• _Entries supplied_:
lemma grassmannian_exists:
  assumes B: "B \<subseteq> {1..N}" and k: "card B = k"
  obtains w where "w permutes {1..N}" and "grassmannian N k w" and "w ` {N - k<..N} = B"
proof -
  define m where "m = N - k"
  define C where "C = {1..N} - B"
  have "finite B"
    using B finite_subset by blast
  have N: "N = m + card B"
    using card_mono[OF _ B] k unfolding m_def by simp
  have "card C = m"
    unfolding C_def m_def using card_Diff_subset[OF \<open>finite B\<close> B] k by simp
  then obtain f where f: "strict_mono_on {1..m} f" "f ` {1..m} = C"
    using strict_mono_on_onto[of C 0] unfolding C_def atLeastSucAtMost_greaterThanAtMost[symmetric]
    by auto
  obtain g where g: "strict_mono_on {m<..N} g" "g ` {m<..N} = B"
    using strict_mono_on_onto[OF \<open>finite B\<close>, of m] N by metis
  define w where "w p = (if p \<in> {1..m} then f p else if p \<in> {m<..N} then g p else p)" for p
  have w1: "w ` {1..m} = C" and w2: "w ` {m<..N} = B"
    using f(2) g(2) unfolding w_def by (auto simp: image_def)
  have blocks: "{1..N} = {1..m} \<union> {m<..N}"
    using N by auto
  then have "w ` {1..N} = {1..N}"
    using w1 w2 B unfolding C_def by auto
  then have "bij_betw w {1..N} {1..N}"
    by (simp add: bij_betw_def eq_card_imp_inj_on)
  then have "w permutes {1..N}"
    by (rule bij_imp_permutes) (use blocks in \<open>auto simp: w_def\<close>)
  moreover have "grassmannian N k w"
    unfolding grassmannian_iff_strict_mono_on m_def[symmetric]
    using f(1) g(1) unfolding w_def strict_mono_on_def by auto
  ultimately show ?thesis
    using that w2 unfolding m_def by blast
qed

lemma split_dominated_comp_iff:
  assumes \<pi>: "\<pi> permutes {1..N}" and v: "v permutes {1..N}"
    and fix_free: "\<forall>i\<in>{1..N}. \<pi> i \<noteq> i"
  shows "split_dominated N m v (\<pi> \<circ> v) \<longleftrightarrow> v ` {m<..N} = {i\<in>{1..N}. \<pi> i < i}"
proof -
  define A where "A = {i\<in>{1..N}. \<pi> i < i}"
  have vA: "v p \<in> A \<longleftrightarrow> \<pi> (v p) < v p" and moved: "\<pi> (v p) \<noteq> v p" if "p \<in> {1..N}" for p
    using that fix_free permutes_in_image[OF v] unfolding A_def by auto
  have outside: "p \<notin> {1..N} \<Longrightarrow> \<pi> (v p) = v p" for p
    using permutes_not_in[OF v] permutes_not_in[OF \<pi>] by metis
  have "(\<forall>p\<in>{1..m}. v p \<le> \<pi> (v p)) \<longleftrightarrow> (\<forall>p\<in>{1..N}. v p \<in> A \<longrightarrow> m < p)"
  proof safe
    fix p assume "\<forall>p\<in>{1..m}. v p \<le> \<pi> (v p)" "p \<in> {1..N}" "v p \<in> A"
    then show "m < p"
      using vA by (metis atLeastAtMost_iff not_le not_less)
  next
    fix p assume "\<forall>p\<in>{1..N}. v p \<in> A \<longrightarrow> m < p" "p \<in> {1..m}"
    then show "v p \<le> \<pi> (v p)"
      using vA outside by (cases "p \<in> {1..N}") (auto simp: not_less)
  qed
  moreover have "(\<forall>p\<in>{m<..N}. \<pi> (v p) \<le> v p) \<longleftrightarrow> (\<forall>p\<in>{1..N}. m < p \<longrightarrow> v p \<in> A)"
    using vA moved by (auto simp: order_le_less)
  ultimately have "split_dominated N m v (\<pi> \<circ> v) \<longleftrightarrow> (\<forall>p\<in>{1..N}. v p \<in> A \<longleftrightarrow> m < p)"
    unfolding split_dominated_def by auto
  also have "\<dots> \<longleftrightarrow> v ` {m<..N} = A"
  proof
    assume "\<forall>p\<in>{1..N}. v p \<in> A \<longleftrightarrow> m < p"
    moreover have "A \<subseteq> v ` {1..N}"
      unfolding A_def permutes_image[OF v] by auto
    ultimately show "v ` {m<..N} = A"
      by (force simp: image_subset_iff)
  next
    assume "v ` {m<..N} = A"
    moreover have "v p \<in> v ` {m<..N} \<longleftrightarrow> p \<in> {m<..N}" for p
      by (rule inj_image_mem_iff[OF permutes_inj[OF v]])
    ultimately show "\<forall>p\<in>{1..N}. v p \<in> A \<longleftrightarrow> m < p"
      by auto
  qed
  finally show ?thesis
    unfolding A_def .
qed

lemma bruhat_le_grassmannian_iff:
  assumes "w permutes {1..N}" and "grassmannian N k w"
  shows "bruhat_le N v w \<longleftrightarrow> v permutes {1..N} \<and> split_dominated N (N - k) v w"
  using assms bruhat_le_permutes(1) bruhat_le_imp_split_dominated split_dominated_imp_bruhat_le
  unfolding grassmannian_iff_strict_mono_on by blast

lemma eq_comp_inv_iff:
  assumes "v permutes S"
  shows "\<pi> = w \<circ> inv v \<longleftrightarrow> w = \<pi> \<circ> v"
  using permutes_inv_o[OF assms] by (metis comp_id o_assoc)

lemma bruhat_factorization_iff:
  assumes \<pi>: "\<pi> permutes {1..N}" and fix_free: "\<forall>i\<in>{1..N}. \<pi> i \<noteq> i"
    and w: "w permutes {1..N}" and grass: "grassmannian N k w"
  shows "bruhat_le N v w \<and> \<pi> = w \<circ> inv v \<longleftrightarrow>
    v = inv \<pi> \<circ> w \<and> w ` {N - k<..N} = \<pi> ` {i\<in>{1..N}. \<pi> i < i}"
    (is "_ \<longleftrightarrow> _ \<and> _ = \<pi> ` ?A")
proof
  assume "bruhat_le N v w \<and> \<pi> = w \<circ> inv v"
  then have v: "v permutes {1..N}" and "split_dominated N (N - k) v w" and wv: "w = \<pi> \<circ> v"
    using bruhat_le_grassmannian_iff[OF w grass] eq_comp_inv_iff[of v] by blast+
  then have "v ` {N - k<..N} = ?A"
    using split_dominated_comp_iff[OF \<pi> v fix_free] by simp
  moreover have "v = inv \<pi> \<circ> w"
    unfolding wv by (simp add: o_assoc permutes_inv_o(2)[OF \<pi>])
  ultimately show "v = inv \<pi> \<circ> w \<and> w ` {N - k<..N} = \<pi> ` ?A"
    unfolding wv image_comp[symmetric] by simp
next
  assume "v = inv \<pi> \<circ> w \<and> w ` {N - k<..N} = \<pi> ` ?A"
  then have vw: "v = inv \<pi> \<circ> w" and wA: "w ` {N - k<..N} = \<pi> ` ?A"
    by simp_all
  have v: "v permutes {1..N}"
    unfolding vw using permutes_compose[OF w permutes_inv[OF \<pi>]] .
  have wv: "w = \<pi> \<circ> v"
    unfolding vw by (simp add: o_assoc permutes_inv_o[OF \<pi>])
  have "v ` {N - k<..N} = ?A"
    unfolding vw image_comp[symmetric] wA by (simp add: image_comp permutes_inv_o(2)[OF \<pi>])
  then have "bruhat_le N v w"
    using bruhat_le_grassmannian_iff[OF w grass] split_dominated_comp_iff[OF \<pi> v fix_free] v wv
    by simp
  moreover have "\<pi> = w \<circ> inv v"
    using eq_comp_inv_iff[OF v] wv by blast
  ultimately show "bruhat_le N v w \<and> \<pi> = w \<circ> inv v" ..
qed

theorem corollary3p1:
  fixes N :: nat and \<pi> :: "nat \<Rightarrow> nat"
  assumes "\<pi> permutes {1..N}"
    and "\<forall>i\<in>{1..N}. \<pi> i \<noteq> i"
    and "k = card {i \<in> {1..N}. \<pi> i < i}"
  shows "\<exists>!p. fst p permutes {1..N} \<and> snd p permutes {1..N} \<and>
              grassmannian N k (snd p) \<and> bruhat_le N (fst p) (snd p) \<and>
              \<pi> = snd p \<circ> inv (fst p)"
proof -
  let ?B = "\<pi> ` {i\<in>{1..N}. \<pi> i < i}"
  have "?B \<subseteq> {1..N}" and "card ?B = k"
    using permutes_in_image[OF assms(1)] card_image[OF permutes_inj_on[OF assms(1)]] assms(3)
    by blast+
  then obtain w where w: "w permutes {1..N}" "grassmannian N k w" and wB: "w ` {N - k<..N} = ?B"
    by (rule grassmannian_exists)
  note factorization = bruhat_factorization_iff[OF assms(1,2)]
  show ?thesis
  proof (rule ex1I[of _ "(inv \<pi> \<circ> w, w)"], goal_cases)
    case 1
    show ?case
      using factorization[OF w] wB permutes_compose[OF w(1) permutes_inv[OF assms(1)]] w by simp
  next
    case (2 q)
    then have fst_q: "fst q = inv \<pi> \<circ> snd q" and "snd q ` {N - k<..N} = ?B"
      using factorization[where w = "snd q" and v = "fst q"] by blast+
    then have "snd q = w"
      using grassmannian_eq_if_image_eq[of "snd q" N w k] 2 w wB by blast
    with fst_q show "q = (inv \<pi> \<circ> w, w)"
      by (simp add: prod_eq_iff)
  qed
qed

end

• _Exercise brief_: Find every line of the data that includes the string "proof". Copy each of those lines.

• _Exercise result_:
proof -
proof -
  proof safe
  proof
proof
proof -
  proof (rule ex1I[of _ "(inv \<pi> \<circ> w, w)"], goal_cases)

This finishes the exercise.